The week before the deadline and so many things had been pushed to the last minute. It was kind of overwhelming and stressful on top of not really feeling good. Friday morning came and I wasn't really guessing because of how the week went that there would be much of a difference in the scale. But seeing the number go up, even though it was just .4 pounds was still tough for me emotionally. Ugh, I hate how that stupid little box has such power over me. 
Anyways got through Friday, refeed Saturday, thought I would have to work on Sunday as well. Was so extremely thankful when my boss called me and said to not worry about coming in, that there wasn't that much and that I could get caught up on Monday. 
Such a relief. I was able to get my gym time in, my house cleaned, food prepped, laundry done and a nice nap. 
This morning when I opened my eyes I about bolted out of bed seeing that it was starting to get light outside. I looked at the clock and could not believe it. 6:35?!?!?!? are you f***ing kidding me?!?!?!?! ugh! I had missed my morning workout. I was thrown off! but you know what? I decided I needed to just go with it. I figured i needed that extra sleep so I could completely get over this cold. And guess what, I went to the gym after work and had a great workout! I can already tell that this week is going to be so much better than last. But guess what, those tough times are the times that really make the strong stand out from the week. I am strong, I do not give up! I will not give up! I am committed to this lifestyle! It is my way of life. It is not something that I will someday arrive at or all of a sudden become. It is part of who I am and what I do.
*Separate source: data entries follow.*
lemma continuous_midpoint_convex_imp_convex_on:
  fixes g :: "real \<Rightarrow> real"
  assumes cont: "continuous_on {x..y} g"
    and mid: "\<And>m h. 0 \<le> h \<Longrightarrow> x \<le> m - h \<Longrightarrow> m + h \<le> y \<Longrightarrow> 2 * g m \<le> g (m - h) + g (m + h)"
  shows "convex_on {x..y} g"
proof (rule convex_on_linorderI)
  fix t u v :: real
  assume t: "0 < t" "t < 1" and uv: "u \<in> {x..y}" "v \<in> {x..y}" "u < v"
  define z where "z = (1 - t) * u + t * v"
  have z: "z \<in> {u..v}"
    using convex_combination_strictly_between[OF uv(3) t] by (simp add: z_def)
  have z_u: "(z - u) / (v - u) = t"
    using uv by (simp add: z_def field_simps)
  have "g z \<le> g u + (z - u) / (v - u) * (g v - g u)"
  proof (rule continuous_midpoint_convex_below_chord[OF uv(3) _ _ z])
    show "continuous_on {u..v} g"
      using uv by (auto intro: continuous_on_subset[OF cont])
  qed (use mid uv in auto)
  then show "g ((1 - t) *\<^sub>R u + t *\<^sub>R v) \<le> (1 - t) * g u + t * g v"
    unfolding z_u by (simp add: z_def algebra_simps)
qed simp

lemma between_convex_combination_with_endpoint:
  fixes x y z z' :: real
  assumes z: "x < z" "z < y" and z': "x < z'" "z' < y" and "z \<noteq> z'"
  obtains e m where "e = x \<or> e = y" "0 < m" "m < 1" "(1 - m) * z' + m * e = z"
proof (cases "z' < z")
  case True
  define m where "m = (z - z') / (y - z')"
  have "m * (y - z') = z - z'"
    using z' by (simp add: m_def)
  then have "(1 - m) * z' + m * y = z"
    by (simp add: algebra_simps)
  then show ?thesis
    using that[of y m] True z z' by (auto simp: m_def field_simps)
next
  case False
  define m where "m = (z' - z) / (z' - x)"
  have "m * (z' - x) = z' - z"
    using z' by (simp add: m_def)
  then have "(1 - m) * z' + m * x = z"
    by (simp add: algebra_simps)
  then show ?thesis
    using that[of x m] False \<open>z \<noteq> z'\<close> z z' by (auto simp: m_def field_simps)
qed

lemma convex_on_strictly_below_chord:
  fixes g :: "real \<Rightarrow> real"
  assumes xy: "x < y" and conv: "convex_on {x..y} g"
    and pairs: "\<And>s. x < s \<Longrightarrow> s < y \<Longrightarrow> g s + g (x + y - s) < g x + g y"
    and t: "0 < t" "t < 1"
  shows "g ((1 - t) * x + t * y) < (1 - t) * g x + t * g y"
proof (rule ccontr)
  assume not_below: "\<not> ?thesis"
  define z where "z = (1 - t) * x + t * y"
  define z' where "z' = x + y - z"
  define c where "c = (g y - g x) / (y - x)"
  define l where "l s = g x + (s - x) * c" for s
  have l_affine: "(1 - m) * l a + m * l b = l ((1 - m) * a + m * b)" for m a b
    unfolding l_def by (simp add: algebra_simps)
  have c: "(y - x) * c = g y - g x"
    unfolding c_def using xy by simp
  have l_ends: "l x = g x" "l y = g y"
    unfolding l_def using c by auto
  have z: "x < z" "z < y"
    using convex_combination_strictly_between[OF xy t] by (simp_all add: z_def)
  then have z': "x < z'" "z' < y"
    by (auto simp: z'_def)
  have "l z = (1 - t) * g x + t * g y"
    using l_affine[of t x y] l_ends z_def by simp
  then have touch: "l z \<le> g z"
    using not_below z_def by simp
  have "l z + l z' = g x + g y"
    using c unfolding l_def z'_def by (simp add: algebra_simps)
  moreover have "g z + g z' < g x + g y"
    using pairs[OF z] z'_def by simp
  ultimately have below: "g z' < l z'"
    using touch by simp
  \<comment> \<open>z is a proper convex combination of z', where g is below the chord, and an endpoint\<close>
  have "z \<noteq> z'"
    using touch below by auto
  then obtain e m where e: "e = x \<or> e = y" and m: "0 < m" "m < 1" and em: "(1 - m) * z' + m * e = z"
    using between_convex_combination_with_endpoint[OF z z'] by blast
  have "g z \<le> (1 - m) * g z' + m * g e"
    using convex_onD[OF conv, of m z' e] m z' e xy em by auto
  also have "\<dots> < (1 - m) * l z' + m * l e"
    using below m e l_ends by auto
  also have "\<dots> = l z"
    using l_affine em by simp
  finally show False using touch by simp
qed
lemma p'_crossing:
  assumes "\<tau>1 < f" "f < \<tau>2"
  obtains c where "1 < c" "c < f"
    "\<And>b. 1 < b \<Longrightarrow> b < c \<Longrightarrow> p' b < p' f" "\<And>b. c < b \<Longrightarrow> b < f \<Longrightarrow> p' f < p' b"
proof -
  have "\<forall>\<^sub>F b in at_right 1. p' b < p' f"
    using p'_at_bot by (simp add: filterlim_at_bot_dense)
  moreover have "\<forall>\<^sub>F b in at_right 1. b \<in> {1<..<\<tau>1}"
    by (rule eventually_at_right_real) (rule one_less_\<tau>1)
  ultimately have "\<forall>\<^sub>F b in at_right 1. p' b < p' f \<and> b \<in> {1<..<\<tau>1}"
    by (rule eventually_conj)
  then obtain b where b: "p' b < p' f" "1 < b" "b < \<tau>1"
    using eventually_happens'[OF trivial_limit_at_right_real] by auto
  have "p' f < p' \<tau>1"
    using p'_strict_antimono assms by simp
  have "\<exists>c\<ge>b. c \<le> \<tau>1 \<and> p' c = p' f"
    using b \<open>p' f < p' \<tau>1\<close> by (intro IVT' continuous_on_p') auto
  then obtain c where c: "b \<le> c" "c \<le> \<tau>1" "p' c = p' f"
    by blast
  have "c \<noteq> b" "c \<noteq> \<tau>1"
    using b(1) c(3) \<open>p' f < p' \<tau>1\<close> by auto
  with c have "b < c" "c < \<tau>1"
    by linarith+
  show ?thesis
  proof
    show "1 < c" "c < f" using b \<open>b < c\<close> \<open>c < \<tau>1\<close> assms by auto
    show "p' b' < p' f" if "1 < b'" "b' < c" for b'
      using p'_strict_mono[of b' c] that c by simp
    show "p' f < p' b'" if "c < b'" "b' < f" for b'
    proof (cases "b' \<le> \<tau>1")
      case True
      then show ?thesis using p'_strict_mono[of c b'] that b \<open>b < c\<close> c(3) by simp
    next
      case False
      then show ?thesis using p'_strict_antimono[of b' f] that assms by simp
    qed
  qed
qed

definition chord_excess :: "real \<Rightarrow> real \<Rightarrow> real" where
  "chord_excess f b = h f - h b - p' f * (f^2 - b^2) / 2"

lemma chord_eq_chord_excess:
  assumes "0 < b" "b < f"
  shows "chord h f b = p' f + 2 * chord_excess f b / (f^2 - b^2)"
proof -
  have "b^2 < f^2" using assms by (simp add: power_strict_mono)
  then show ?thesis by (simp add: chord_def chord_excess_def field_simps)
qed

lemma has_real_derivative_chord_excess_back:
  "1 < b \<Longrightarrow> (chord_excess f has_real_derivative b * (p' f - p' b)) (at b)"
  unfolding chord_excess_def[abs_def]
  by (auto intro!: derivative_eq_intros has_derivative_h simp: algebra_simps)

lemma has_real_derivative_chord_excess_front:
  "1 < f \<Longrightarrow>
    ((\<lambda>x. chord_excess x b) has_real_derivative - deriv (deriv p) f * (f^2 - b^2) / 2) (at f)"
  unfolding chord_excess_def
  by (auto intro!: derivative_eq_intros has_derivative_h has_derivative_p' simp: field_simps)

lemma continuous_on_chord_excess: "1 < x \<Longrightarrow> continuous_on {x..y} (chord_excess f)"
  using DERIV_isCont[OF has_real_derivative_chord_excess_back]
  by (intro continuous_at_imp_continuous_on) auto

lemma chord_excess_at_bot: "filterlim (chord_excess f) at_bot (at_right 1)"
proof -
  have "((\<lambda>b. h f - p' f * (f^2 - b^2) / 2) \<longlongrightarrow> h f - p' f * (f^2 - 1) / 2) (at_right 1)"
    by (intro tendsto_eq_intros) auto
  moreover have "filterlim (\<lambda>b. - h b) at_bot (at_right 1)"
    using h_at_top by (simp add: filterlim_uminus_at_bot)
  ultimately have "filterlim (\<lambda>b. (h f - p' f * (f^2 - b^2) / 2) + - h b) at_bot (at_right 1)"
    by (subst filterlim_tendsto_add_at_bot_iff)
  then show ?thesis
    by (simp add: chord_excess_def[abs_def] algebra_simps)
qed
I'm pretty excited that I check in with my trainer on Thursday. It's been 2 months since I started and I am so ready to see the progress. The scale hasn't changed much, but I know that I have a lot more definition going on. Last week, I had 2 different people at the gym, one of which had never said a word to me before that they could really see a lot of progress! Let me tell you those words were really needed this last week. I tend to be so hard on myself. I have this perfectionist standard for myself. A standard that I will never reach, I can never get there. My personal goal that I want to work on is really sitting back and being proud of myself. Really noticing the progress as it comes and not just the goals of where I want to be. I have worked so hard and there is no reason for me not to be proud of myself.